No entanto, investe, pontual e invarivelmente, contra minhas imagens que, em sua
maioria, só fizeram documentar a realidade da vida como ela é, sem transfigurações,
sem distorções. A imagem que exponho na Bienal não tem sentido se não estiver
simultaneamente ‘planificada’ como uma foto publicitária normal. Todo o meu
trabalho sempre foi ligado à comunicação. É claro que não deixarei de ser fotógrafo
por causa do convite para a Bienal, que me gratifica, me ‘enobrece’ como artista. Não
tenho nenhuma necessidade de promoção social. A moldura prestigiosa da Bienal não
passa de uma circunstância, um lugar diferente para falar a mesma língua que sempre
falei nas ruas e praças de todo o mundo. O sentido desta imagem está no uso
publicitário que se fará dela. Em todo o ‘transversalismo’ que domina a arte
contemporânea, eis uma foto absolutamente reta e em equilíbrio; eis a imagem límpida
de uma parte importante do que nós somos. A nacionalidade, a cor da pele e o sexo não
podem ser uma opção. Nasce-se sem poder ser artifície do próprio destino. Cada um é
único e irrepetível. Quis retratar, como em tantas fotos para documentos, o elemento
através do qual não podemos ser identificados. Pelo rosto podemos ser reconhecidos e
até colocados socialmente. Pelo sexo não. Depois do nascimento e da morte, o sexo é
um outro tabu que deve ser abatido. Que outro meio, a não ser a fotografia
publicitária, pode ser mais concreto, mais útil para suscitar uma discussão a respeito?
Também a arte antiga era um meio de suscitar idéias políticas e religiosas, além de
demonstrar riqueza e poder. A diferença hoje reside na possibilidade econômica de
transformar uma imagem “ artística” numa comunicação de massa. E no que me cabe,
interessa-me explorá-la profundamente. São exatamente as imagens que formam hoje a
nossa cultura, o nosso conhecimento, o nosso senso crítico e a nossa moral. O
renascimento de nosso país está confiado ao trabalho de cada um; ao meu de fotógrafo
cabe a tarefa de avançar numa pesquisa que não tem nada a ver com os escândalos.

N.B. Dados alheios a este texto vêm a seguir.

(* Consider a list of $l$ items with initial order $[a_1,a_2,\dots,a_l]$ and, for $s\ge1$, the request sequence $$\sigma_\gamma=\bigl\langle (a_l^3,a_{l-1}^3,\dots,a_1^3)^{2s}\bigr\rangle.$$ Under the full cost model, $\mathrm{MTFO}(\sigma_\gamma)=\mathrm{MTFE}(\sigma_\gamma)=s\,(3l^2+o(l^2))$, $\mathrm{TS}(\sigma_\gamma)=s\,(4l^2+o(l^2))$ and $\mathrm{OPT}(\sigma_\gamma)=s\,(2l^2+o(l^2))$, where the $o(l^2)$ terms depend only on $l$ and are $o(l^2)$ as $l\to\infty$.
   Context: Static list update: serving a request to the item at position $i$ (from the front) costs $i$ (full cost model); the accessed item may be moved closer to the front for free (free exchange); two adjacent items may be swapped at cost $1$ (paid exchange). $\mathrm{OPT}(\sigma)$ is the minimum cost of any offline algorithm from the same initial list. Notation: $a^3$ denotes three consecutive requests to $a$, and $(w)^{k}$ denotes $k$ concatenated copies of $w$. MTFO moves a requested item to the front on the 1st, 3rd, 5th, ... request to that item; MTFE on the 2nd, 4th, 6th, ... request; otherwise they leave it in place. TS (Timestamp): on a request to item $x$, if $x$ has been requested before and some item preceding $x$ has been requested at most once since the previous request to $x$, then $x$ is moved to immediately in front of the frontmost such item; otherwise nothing moves. *)

theory Defs
  imports Main "HOL-Library.Landau_Symbols"
begin

text \<open>Lists are distinct lists of items; positions are 0-based via pos, so the
  full-cost-model cost of accessing item x in list xs is pos xs x + 1.\<close>

definition pos :: "'a list \<Rightarrow> 'a \<Rightarrow> nat" where
  "pos xs x = length (takeWhile (\<lambda>y. y \<noteq> x) xs)"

Estes são sempre da outra parte, em relação às minhas fotos. Aliás alimento a
presunção de provocar reflexão no tocante aos verdadeiros escândalos, deixando aos
menos atentos ou aos prevenidos o exercício sobre aqueles falsos, sempre mais fáceis
de identificar. Finalmente, no que se refere à arte, considero arte tudo o que não foi
feito pela natureza (TOSCANI, 1996, p. 98).